• **What you have to do**
After finding the line with "of_real (1/pi) *" in the entries below, retype exactly each line from there through the line with "i \<Longrightarrow> \<exists>p.", including that final line.

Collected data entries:

╔══

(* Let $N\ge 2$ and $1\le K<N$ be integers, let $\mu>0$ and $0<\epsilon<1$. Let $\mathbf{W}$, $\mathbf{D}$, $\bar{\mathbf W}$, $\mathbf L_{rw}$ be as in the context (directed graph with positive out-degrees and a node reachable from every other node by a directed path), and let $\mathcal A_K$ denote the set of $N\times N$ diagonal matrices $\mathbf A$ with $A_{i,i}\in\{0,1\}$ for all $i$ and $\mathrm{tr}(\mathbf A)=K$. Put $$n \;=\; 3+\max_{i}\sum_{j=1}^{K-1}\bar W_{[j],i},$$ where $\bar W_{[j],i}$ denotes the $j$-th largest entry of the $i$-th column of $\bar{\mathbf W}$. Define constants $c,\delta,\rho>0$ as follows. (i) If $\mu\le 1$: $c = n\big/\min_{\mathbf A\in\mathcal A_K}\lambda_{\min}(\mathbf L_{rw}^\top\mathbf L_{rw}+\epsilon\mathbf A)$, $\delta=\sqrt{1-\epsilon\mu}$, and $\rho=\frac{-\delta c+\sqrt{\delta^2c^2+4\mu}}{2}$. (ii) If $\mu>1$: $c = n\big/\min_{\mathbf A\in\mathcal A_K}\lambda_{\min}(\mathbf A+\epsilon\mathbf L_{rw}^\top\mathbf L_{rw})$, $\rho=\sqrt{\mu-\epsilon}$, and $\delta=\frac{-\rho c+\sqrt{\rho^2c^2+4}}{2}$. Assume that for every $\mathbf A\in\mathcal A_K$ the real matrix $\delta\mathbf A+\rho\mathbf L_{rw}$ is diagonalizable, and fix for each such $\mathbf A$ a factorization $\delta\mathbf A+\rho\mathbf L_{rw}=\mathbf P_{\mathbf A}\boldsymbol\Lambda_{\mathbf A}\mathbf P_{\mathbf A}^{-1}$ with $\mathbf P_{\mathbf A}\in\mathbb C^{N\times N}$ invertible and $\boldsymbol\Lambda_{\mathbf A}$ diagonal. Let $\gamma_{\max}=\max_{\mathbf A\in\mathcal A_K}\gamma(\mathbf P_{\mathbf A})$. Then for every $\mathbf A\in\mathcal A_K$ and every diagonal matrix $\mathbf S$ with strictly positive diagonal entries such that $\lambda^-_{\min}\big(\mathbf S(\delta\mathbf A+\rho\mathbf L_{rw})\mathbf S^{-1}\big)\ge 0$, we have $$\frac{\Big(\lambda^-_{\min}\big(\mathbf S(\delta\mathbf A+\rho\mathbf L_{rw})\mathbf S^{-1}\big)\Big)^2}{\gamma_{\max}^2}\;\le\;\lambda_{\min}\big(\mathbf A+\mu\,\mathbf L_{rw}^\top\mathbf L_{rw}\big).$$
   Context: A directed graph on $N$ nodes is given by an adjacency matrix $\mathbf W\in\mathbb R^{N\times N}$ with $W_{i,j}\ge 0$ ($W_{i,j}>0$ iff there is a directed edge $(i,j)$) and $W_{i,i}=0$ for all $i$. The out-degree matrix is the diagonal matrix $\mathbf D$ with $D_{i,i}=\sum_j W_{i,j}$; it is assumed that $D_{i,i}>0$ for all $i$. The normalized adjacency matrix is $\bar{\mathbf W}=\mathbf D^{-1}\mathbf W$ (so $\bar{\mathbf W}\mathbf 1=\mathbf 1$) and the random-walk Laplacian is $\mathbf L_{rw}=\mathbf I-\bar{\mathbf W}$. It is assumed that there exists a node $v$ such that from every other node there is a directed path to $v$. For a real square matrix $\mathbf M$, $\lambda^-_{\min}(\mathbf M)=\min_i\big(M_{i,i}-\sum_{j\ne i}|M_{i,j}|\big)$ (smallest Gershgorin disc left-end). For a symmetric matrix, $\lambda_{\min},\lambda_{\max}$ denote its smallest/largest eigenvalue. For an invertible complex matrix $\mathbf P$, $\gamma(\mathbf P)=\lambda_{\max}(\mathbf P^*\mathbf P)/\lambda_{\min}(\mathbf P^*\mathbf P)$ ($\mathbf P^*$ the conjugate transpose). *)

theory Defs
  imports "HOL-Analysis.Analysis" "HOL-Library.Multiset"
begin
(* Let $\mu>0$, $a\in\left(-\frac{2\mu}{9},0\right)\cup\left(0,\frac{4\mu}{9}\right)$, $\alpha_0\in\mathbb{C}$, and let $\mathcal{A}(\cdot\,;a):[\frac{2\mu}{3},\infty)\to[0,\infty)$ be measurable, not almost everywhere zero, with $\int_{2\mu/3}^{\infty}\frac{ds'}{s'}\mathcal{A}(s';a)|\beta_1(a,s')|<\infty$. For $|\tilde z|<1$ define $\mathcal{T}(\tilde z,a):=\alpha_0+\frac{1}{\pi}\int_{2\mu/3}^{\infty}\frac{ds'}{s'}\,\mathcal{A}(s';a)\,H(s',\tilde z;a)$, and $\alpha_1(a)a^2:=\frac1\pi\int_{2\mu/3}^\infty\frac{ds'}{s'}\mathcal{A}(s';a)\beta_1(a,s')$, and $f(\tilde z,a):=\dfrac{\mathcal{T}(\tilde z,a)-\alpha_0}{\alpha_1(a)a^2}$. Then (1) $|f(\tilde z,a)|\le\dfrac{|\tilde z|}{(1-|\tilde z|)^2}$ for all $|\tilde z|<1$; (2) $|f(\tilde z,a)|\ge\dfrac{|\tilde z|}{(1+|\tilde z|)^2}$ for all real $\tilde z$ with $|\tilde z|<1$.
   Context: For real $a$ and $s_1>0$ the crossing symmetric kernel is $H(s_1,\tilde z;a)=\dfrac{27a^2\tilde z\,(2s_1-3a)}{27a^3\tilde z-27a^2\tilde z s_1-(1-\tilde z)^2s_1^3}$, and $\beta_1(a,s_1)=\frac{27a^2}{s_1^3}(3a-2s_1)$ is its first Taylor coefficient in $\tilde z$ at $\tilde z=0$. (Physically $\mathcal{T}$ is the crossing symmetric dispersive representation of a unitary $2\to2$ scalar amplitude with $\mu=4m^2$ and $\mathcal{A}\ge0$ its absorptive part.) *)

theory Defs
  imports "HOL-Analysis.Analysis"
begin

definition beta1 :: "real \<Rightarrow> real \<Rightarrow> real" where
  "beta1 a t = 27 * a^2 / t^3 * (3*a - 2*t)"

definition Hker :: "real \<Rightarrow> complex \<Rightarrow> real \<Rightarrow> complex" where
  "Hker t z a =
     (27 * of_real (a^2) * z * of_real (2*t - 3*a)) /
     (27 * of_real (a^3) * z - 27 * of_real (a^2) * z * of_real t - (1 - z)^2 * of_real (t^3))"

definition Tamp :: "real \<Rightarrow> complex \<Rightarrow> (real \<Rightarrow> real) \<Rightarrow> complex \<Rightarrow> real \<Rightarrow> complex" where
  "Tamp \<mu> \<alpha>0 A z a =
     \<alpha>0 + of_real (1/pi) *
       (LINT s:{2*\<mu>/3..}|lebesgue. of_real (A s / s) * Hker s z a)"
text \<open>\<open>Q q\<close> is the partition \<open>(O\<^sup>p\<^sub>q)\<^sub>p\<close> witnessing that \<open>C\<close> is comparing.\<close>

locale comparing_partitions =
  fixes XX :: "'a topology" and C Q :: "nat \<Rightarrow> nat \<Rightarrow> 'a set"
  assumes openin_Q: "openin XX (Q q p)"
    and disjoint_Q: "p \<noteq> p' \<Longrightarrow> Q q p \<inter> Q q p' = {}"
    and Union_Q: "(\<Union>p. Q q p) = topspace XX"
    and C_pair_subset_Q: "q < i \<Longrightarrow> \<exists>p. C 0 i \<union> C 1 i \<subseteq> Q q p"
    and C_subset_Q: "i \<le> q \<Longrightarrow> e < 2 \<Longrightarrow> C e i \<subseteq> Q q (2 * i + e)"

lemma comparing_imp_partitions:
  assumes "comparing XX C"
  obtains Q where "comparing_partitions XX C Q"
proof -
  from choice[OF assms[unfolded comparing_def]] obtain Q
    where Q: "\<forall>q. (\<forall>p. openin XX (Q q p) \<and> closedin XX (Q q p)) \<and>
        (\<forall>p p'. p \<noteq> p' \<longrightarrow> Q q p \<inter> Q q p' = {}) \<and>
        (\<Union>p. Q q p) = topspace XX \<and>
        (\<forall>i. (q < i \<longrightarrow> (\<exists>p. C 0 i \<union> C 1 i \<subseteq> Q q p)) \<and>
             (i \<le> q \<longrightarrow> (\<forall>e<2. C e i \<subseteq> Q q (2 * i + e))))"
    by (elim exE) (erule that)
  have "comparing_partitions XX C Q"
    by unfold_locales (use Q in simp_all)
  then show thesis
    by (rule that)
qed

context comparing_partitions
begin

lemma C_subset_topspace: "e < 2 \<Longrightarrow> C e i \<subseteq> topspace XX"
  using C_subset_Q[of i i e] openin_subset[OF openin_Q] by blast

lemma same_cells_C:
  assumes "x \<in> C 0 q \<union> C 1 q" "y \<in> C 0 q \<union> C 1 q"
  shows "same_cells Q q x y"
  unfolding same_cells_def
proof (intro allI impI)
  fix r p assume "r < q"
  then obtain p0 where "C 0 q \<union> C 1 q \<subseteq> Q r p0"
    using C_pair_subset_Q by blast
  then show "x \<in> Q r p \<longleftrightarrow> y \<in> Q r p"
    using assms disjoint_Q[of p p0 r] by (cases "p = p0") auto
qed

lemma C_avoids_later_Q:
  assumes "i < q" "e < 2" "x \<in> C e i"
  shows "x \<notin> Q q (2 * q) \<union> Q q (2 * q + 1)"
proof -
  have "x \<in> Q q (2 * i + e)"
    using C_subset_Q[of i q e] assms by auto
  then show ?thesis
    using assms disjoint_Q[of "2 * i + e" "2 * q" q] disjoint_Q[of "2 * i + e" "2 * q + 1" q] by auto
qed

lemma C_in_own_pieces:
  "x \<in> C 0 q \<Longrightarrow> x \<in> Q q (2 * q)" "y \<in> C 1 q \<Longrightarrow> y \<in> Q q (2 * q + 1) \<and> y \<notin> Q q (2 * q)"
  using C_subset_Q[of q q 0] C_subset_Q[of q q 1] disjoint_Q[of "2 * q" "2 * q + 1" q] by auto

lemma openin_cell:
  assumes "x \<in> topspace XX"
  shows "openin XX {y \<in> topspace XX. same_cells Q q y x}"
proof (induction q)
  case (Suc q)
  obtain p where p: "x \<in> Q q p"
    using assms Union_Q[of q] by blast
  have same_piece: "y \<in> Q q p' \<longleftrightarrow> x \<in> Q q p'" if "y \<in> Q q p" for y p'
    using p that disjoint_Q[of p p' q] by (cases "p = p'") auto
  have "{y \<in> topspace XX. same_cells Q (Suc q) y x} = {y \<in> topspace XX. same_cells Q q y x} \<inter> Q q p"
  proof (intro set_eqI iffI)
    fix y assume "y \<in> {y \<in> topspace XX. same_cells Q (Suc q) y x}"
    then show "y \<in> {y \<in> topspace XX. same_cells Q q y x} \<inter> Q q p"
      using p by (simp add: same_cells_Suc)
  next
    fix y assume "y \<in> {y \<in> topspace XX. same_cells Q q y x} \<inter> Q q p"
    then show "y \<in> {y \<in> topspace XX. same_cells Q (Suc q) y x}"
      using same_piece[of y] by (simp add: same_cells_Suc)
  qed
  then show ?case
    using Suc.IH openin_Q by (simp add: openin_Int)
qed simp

╚══
╔══

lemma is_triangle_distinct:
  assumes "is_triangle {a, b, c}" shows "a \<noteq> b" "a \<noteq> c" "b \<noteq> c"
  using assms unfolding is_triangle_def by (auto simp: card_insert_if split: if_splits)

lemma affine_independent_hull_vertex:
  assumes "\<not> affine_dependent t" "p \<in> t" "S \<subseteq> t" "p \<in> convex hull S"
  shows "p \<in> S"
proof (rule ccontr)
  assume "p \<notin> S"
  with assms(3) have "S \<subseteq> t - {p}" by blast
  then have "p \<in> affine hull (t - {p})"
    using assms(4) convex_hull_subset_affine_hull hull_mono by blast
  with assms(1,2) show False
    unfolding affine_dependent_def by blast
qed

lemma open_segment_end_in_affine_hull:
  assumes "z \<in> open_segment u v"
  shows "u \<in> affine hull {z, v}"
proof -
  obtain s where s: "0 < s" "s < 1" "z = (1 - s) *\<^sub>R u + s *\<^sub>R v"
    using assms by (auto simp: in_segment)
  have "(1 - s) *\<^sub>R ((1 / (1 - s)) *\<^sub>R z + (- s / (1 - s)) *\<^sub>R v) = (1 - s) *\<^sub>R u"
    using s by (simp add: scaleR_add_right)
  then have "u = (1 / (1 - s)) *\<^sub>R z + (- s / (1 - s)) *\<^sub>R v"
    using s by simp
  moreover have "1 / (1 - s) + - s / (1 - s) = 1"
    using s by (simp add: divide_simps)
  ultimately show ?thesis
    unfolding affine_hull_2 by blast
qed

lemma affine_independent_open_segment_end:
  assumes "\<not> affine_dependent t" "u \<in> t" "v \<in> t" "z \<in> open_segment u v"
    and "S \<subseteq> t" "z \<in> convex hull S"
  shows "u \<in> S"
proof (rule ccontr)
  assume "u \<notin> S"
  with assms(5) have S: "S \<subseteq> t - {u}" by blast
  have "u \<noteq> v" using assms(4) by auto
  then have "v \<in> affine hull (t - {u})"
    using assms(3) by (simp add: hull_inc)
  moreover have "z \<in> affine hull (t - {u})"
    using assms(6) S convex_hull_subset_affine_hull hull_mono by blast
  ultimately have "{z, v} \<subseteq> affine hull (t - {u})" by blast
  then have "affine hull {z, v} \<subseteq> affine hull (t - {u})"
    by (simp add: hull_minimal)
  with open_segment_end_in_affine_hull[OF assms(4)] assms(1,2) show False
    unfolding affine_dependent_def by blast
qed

╚══
╔══

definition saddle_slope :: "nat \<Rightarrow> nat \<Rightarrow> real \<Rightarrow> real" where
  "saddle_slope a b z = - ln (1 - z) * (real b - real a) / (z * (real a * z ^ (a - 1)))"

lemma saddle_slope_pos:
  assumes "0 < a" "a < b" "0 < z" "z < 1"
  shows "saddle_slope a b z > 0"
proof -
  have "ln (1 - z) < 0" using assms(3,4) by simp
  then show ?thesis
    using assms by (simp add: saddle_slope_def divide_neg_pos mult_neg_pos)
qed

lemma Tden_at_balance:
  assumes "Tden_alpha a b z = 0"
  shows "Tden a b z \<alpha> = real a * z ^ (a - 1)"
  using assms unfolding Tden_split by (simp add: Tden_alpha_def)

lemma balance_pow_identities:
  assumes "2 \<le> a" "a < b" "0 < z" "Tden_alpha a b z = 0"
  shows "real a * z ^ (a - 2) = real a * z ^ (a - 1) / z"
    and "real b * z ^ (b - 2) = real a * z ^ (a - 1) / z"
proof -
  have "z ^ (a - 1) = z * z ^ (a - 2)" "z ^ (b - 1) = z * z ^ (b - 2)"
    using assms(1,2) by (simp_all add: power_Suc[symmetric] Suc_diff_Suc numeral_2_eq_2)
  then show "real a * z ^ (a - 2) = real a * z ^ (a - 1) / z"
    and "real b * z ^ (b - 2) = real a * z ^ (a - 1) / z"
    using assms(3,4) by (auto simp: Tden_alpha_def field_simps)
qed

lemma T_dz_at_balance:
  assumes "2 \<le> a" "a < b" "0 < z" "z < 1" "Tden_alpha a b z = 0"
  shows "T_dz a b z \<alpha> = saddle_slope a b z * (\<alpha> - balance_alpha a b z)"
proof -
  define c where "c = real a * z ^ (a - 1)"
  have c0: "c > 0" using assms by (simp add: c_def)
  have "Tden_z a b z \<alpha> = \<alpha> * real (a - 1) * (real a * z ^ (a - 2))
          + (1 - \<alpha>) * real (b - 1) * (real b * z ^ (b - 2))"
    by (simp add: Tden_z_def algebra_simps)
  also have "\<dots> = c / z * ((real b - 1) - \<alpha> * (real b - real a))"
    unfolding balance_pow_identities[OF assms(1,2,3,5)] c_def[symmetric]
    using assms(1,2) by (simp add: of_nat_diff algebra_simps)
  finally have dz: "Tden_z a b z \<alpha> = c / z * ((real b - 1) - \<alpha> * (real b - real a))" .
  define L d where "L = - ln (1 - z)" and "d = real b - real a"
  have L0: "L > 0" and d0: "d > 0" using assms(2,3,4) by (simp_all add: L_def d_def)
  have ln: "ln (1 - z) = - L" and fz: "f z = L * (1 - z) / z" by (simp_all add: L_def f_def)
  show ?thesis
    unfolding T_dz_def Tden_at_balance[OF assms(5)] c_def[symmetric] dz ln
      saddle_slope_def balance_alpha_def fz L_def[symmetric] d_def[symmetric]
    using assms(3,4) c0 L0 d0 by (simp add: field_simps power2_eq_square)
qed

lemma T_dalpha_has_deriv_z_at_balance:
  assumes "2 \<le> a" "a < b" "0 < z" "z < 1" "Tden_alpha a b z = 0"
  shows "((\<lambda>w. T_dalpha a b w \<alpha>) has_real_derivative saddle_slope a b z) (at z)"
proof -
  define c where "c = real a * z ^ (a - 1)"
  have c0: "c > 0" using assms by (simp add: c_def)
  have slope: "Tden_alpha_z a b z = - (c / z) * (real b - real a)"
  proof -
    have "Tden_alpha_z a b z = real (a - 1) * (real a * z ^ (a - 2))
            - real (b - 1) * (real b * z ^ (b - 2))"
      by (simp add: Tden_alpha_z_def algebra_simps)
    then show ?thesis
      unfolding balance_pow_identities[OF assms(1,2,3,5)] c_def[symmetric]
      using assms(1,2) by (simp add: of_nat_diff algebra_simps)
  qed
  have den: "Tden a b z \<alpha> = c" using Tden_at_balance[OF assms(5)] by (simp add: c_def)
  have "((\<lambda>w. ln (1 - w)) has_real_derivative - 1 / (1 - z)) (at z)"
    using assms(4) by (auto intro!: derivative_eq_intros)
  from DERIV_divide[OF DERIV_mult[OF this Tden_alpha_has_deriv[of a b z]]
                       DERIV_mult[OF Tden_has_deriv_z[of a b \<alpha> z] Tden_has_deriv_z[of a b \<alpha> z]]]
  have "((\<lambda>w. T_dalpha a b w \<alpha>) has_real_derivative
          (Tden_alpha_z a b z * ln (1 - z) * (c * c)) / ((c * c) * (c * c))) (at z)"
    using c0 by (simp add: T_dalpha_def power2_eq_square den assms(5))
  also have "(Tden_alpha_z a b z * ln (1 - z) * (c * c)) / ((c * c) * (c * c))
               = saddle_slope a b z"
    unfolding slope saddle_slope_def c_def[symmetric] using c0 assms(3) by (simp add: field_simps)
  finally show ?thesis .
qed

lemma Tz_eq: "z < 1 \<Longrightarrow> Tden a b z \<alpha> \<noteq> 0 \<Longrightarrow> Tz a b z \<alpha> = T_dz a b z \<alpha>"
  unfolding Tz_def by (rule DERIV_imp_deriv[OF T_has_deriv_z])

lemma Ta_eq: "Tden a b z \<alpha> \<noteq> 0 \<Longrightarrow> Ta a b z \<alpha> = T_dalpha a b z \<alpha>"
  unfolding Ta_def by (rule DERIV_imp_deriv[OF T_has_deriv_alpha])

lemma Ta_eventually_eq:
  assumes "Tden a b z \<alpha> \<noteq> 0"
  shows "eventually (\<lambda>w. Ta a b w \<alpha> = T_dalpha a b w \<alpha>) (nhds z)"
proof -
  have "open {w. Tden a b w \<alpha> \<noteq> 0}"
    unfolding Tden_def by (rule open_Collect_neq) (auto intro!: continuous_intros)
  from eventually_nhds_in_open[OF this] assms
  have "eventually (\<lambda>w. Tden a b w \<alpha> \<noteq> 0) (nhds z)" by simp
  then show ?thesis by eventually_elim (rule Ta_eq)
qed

╚══

• **Output of the exercise**
     \<alpha>0 + of_real (1/pi) *
       (LINT s:{2*\<mu>/3..}|lebesgue. of_real (A s / s) * Hker s z a)"
text \<open>\<open>Q q\<close> is the partition \<open>(O\<^sup>p\<^sub>q)\<^sub>p\<close> witnessing that \<open>C\<close> is comparing.\<close>

locale comparing_partitions =
  fixes XX :: "'a topology" and C Q :: "nat \<Rightarrow> nat \<Rightarrow> 'a set"
  assumes openin_Q: "openin XX (Q q p)"
    and disjoint_Q: "p \<noteq> p' \<Longrightarrow> Q q p \<inter> Q q p' = {}"
    and Union_Q: "(\<Union>p. Q q p) = topspace XX"
    and C_pair_subset_Q: "q < i \<Longrightarrow> \<exists>p. C 0 i \<union> C 1 i \<subseteq> Q q p"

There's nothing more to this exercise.